Hoy me desperté. Me desperté con la misma pijama que me pongo todos los días, me desperté y desayuné lo mismo que desayuno siempre, me desperté y me puse la misma ropa que me puse el sábado anterior… pero hoy me desperté y miré al techo una hora tratando de entender el mundo. Hoy no voy a firmar esta columna, no quiero hacerlo y francamente no me interesa; me parece detestable aprovechar la tragedia ajena para hacerme publicidad a mí mismo, y todavía mi nombre no tiene el nivel de Gossain o Peláez, hombres que espero si firmen sus columnas y me ayuden, a partir de su autoridad moral, a saber qué pensar. Hoy no voy a hacer chistes estúpidos, esos que me encanta hacer, hoy no quiero, hoy no tengo ganas ni me da el corazón. Créame que me gustaría, estimado lector, me gustaría hacer alguna referencia a una verdad nacional en la que nadie piensa para que usted se ría un rato, pero hoy no es un día para eso, hoy quiero escribir sobre lo que pasó de frente y sin rodeos, hoy no me quiero escudar detrás de mí sentido del humor. Hoy, si me toca, voy a llorar mientras escribo esto porque lo que busco es entender y, si usted me lo permite, ayudarlo a entender; pero para eso nos toca mirar para adentro.

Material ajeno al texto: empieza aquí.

lemma chord_side_eq_0_S1:
  assumes p: "p \<in> S1" and q: "q \<in> S1" and z: "z \<in> S1" and "p \<noteq> q" and "chord_side p q z = 0"
  shows "z = p \<or> z = q"
proof -
  define t where "t = Re ((z - p) / (q - p))"
  have "(z - p) / (q - p) = (z - p) * cnj (q - p) / ((q - p) * cnj (q - p))"
    using \<open>p \<noteq> q\<close> by simp
  also have "\<dots> = (z - p) * cnj (q - p) / of_real ((cmod (q - p))\<^sup>2)"
    by (simp only: complex_norm_square)
  finally have "Im ((z - p) / (q - p)) = chord_side p q z / (cmod (q - p))\<^sup>2"
    by (simp add: chord_side_def Im_divide_of_real)
  then have "(z - p) / (q - p) = of_real t"
    using \<open>chord_side p q z = 0\<close> by (simp add: complex_eq_iff t_def)
  then have zt: "z = p + of_real t * (q - p)"
    using \<open>p \<noteq> q\<close> by (simp add: field_simps)
  obtain a b c e where pq: "p = Complex a b" "q = Complex c e"
    by (metis complex.exhaust)
  have n1: "a\<^sup>2 + b\<^sup>2 = 1" and n2: "c\<^sup>2 + e\<^sup>2 = 1"
    using p q pq by (simp_all add: in_S1_iff cmod_def)
  have "(a + t * (c - a))\<^sup>2 + (b + t * (e - b))\<^sup>2 = 1"
    using z zt pq by (simp add: in_S1_iff cmod_def)
  then have "t * (t - 1) * ((c - a)\<^sup>2 + (e - b)\<^sup>2) = 0"
    using n1 n2 by algebra
  moreover have "(c - a)\<^sup>2 + (e - b)\<^sup>2 \<noteq> 0"
    using \<open>p \<noteq> q\<close> pq by (auto simp: sum_power2_eq_zero_iff)
  ultimately have "t = 0 \<or> t = 1"
    by auto
  then show ?thesis
    using zt by auto
qed

lemma abs_Im_mult_cnj_less_dist:
  assumes p: "p \<in> S1" and q: "q \<in> S1" and "p \<noteq> q"
  shows "\<bar>Im (p * cnj q)\<bar> < cmod (q - p)"
proof -
  define L where "L = cmod (q - p)"
  have "L > 0"
    using \<open>p \<noteq> q\<close> by (simp add: L_def)
  obtain a b c e where pq: "p = Complex a b" "q = Complex c e"
    by (metis complex.exhaust)
  have "a\<^sup>2 + b\<^sup>2 = 1" "c\<^sup>2 + e\<^sup>2 = 1"
    using p q pq by (simp_all add: in_S1_iff cmod_def)
  then have "4 * ((c - a)\<^sup>2 + (e - b)\<^sup>2 - (b * c - a * e)\<^sup>2) = ((c - a)\<^sup>2 + (e - b)\<^sup>2)\<^sup>2"
    by algebra
  moreover have "L\<^sup>2 = (c - a)\<^sup>2 + (e - b)\<^sup>2" "Im (p * cnj q) = b * c - a * e"
    using pq by (simp_all add: L_def cmod_def)
  ultimately have key: "4 * (L\<^sup>2 - (Im (p * cnj q))\<^sup>2) = (L\<^sup>2)\<^sup>2"
    by simp
  have "0 < 4 * (L\<^sup>2 - (Im (p * cnj q))\<^sup>2)"
    unfolding key using \<open>L > 0\<close> by simp
  then have "\<bar>Im (p * cnj q)\<bar>\<^sup>2 < L\<^sup>2"
    by simp
  then show ?thesis
    using \<open>L > 0\<close> power2_less_imp_less[of "\<bar>Im (p * cnj q)\<bar>" L] by (simp add: L_def)
qed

Fuente: https://blogs.elespectador.com/wp-content/uploads/2015/11/francia.jpg

Hace poco más de once meses yo estaba en Paris. Llegamos por carretera con mis papás y con mi hermana en un tour de Europamundo lleno de latinoamericanos, cada uno más emocionado que el anterior de conocer la cuna de la libertad por sí mismo. Ese primer día no hubo mucho que hacer, paseamos un rato por la ciudad durante lo que los toures paternalistamente llaman “tiempo libre”, y tratamos, a partir del francés chapuceado de mi hermana y mío, de absorber lo más que pudiéramos de la ciudad más linda del mundo. Para mi gran sorpresa los franceses no eran lo que yo pensaba, no eran antipáticos, no sé si es que ya se acostumbraron a los turistas o es porque mi hermana, mis papás y yo tenemos el pelo claro y la piel blanca; pero conmigo fueron supremamente amables. Sí tenían un aire de superioridad, pero no era nada peor a lo que vi en Buenos Aires. Así pasamos la tarde y la noche, paseando y absorbiendo, y con la misma mentalidad nos despertamos el día siguiente, pero ya no iba a poder ser igual.

Por la mañana del segundo día fuimos a Versalles, si tiene la oportunidad de ir vaya porque es precioso, hacía un frio cuasi siberiano que congelaba los charcos… casi como un presagio de lo que nos iba a tocar más tarde. Fuimos con una familia argentina a almorzar al Louvre, donde por la tarde íbamos a conocer la cúspide del arte y la historia, y fue ahí cuando nos dimos cuenta de que algo estaba mal. Los carros de policía pasaban a velocidades desmedidas, solo les importaba llegar rápido a donde quiera que fueren; los guardias del museo se convirtieron en soldados enormes de caras inamovibles y boinas verdes, y, aunque la cara de los turistas emocionados era la misma, la de los parisinos perdió todo el brillo que había tenido la tarde anterior. Mi hermana y yo ya sabíamos que hacer, entramos ambos a Twitter y luego entré yo a la página de El Espectador y ella a la de El Tiempo. Antonella y Agustina, las hijas de la familia argentina, hicieron lo mismo, y fue así como nos enteramos de los ataques de Charlie Hebdo.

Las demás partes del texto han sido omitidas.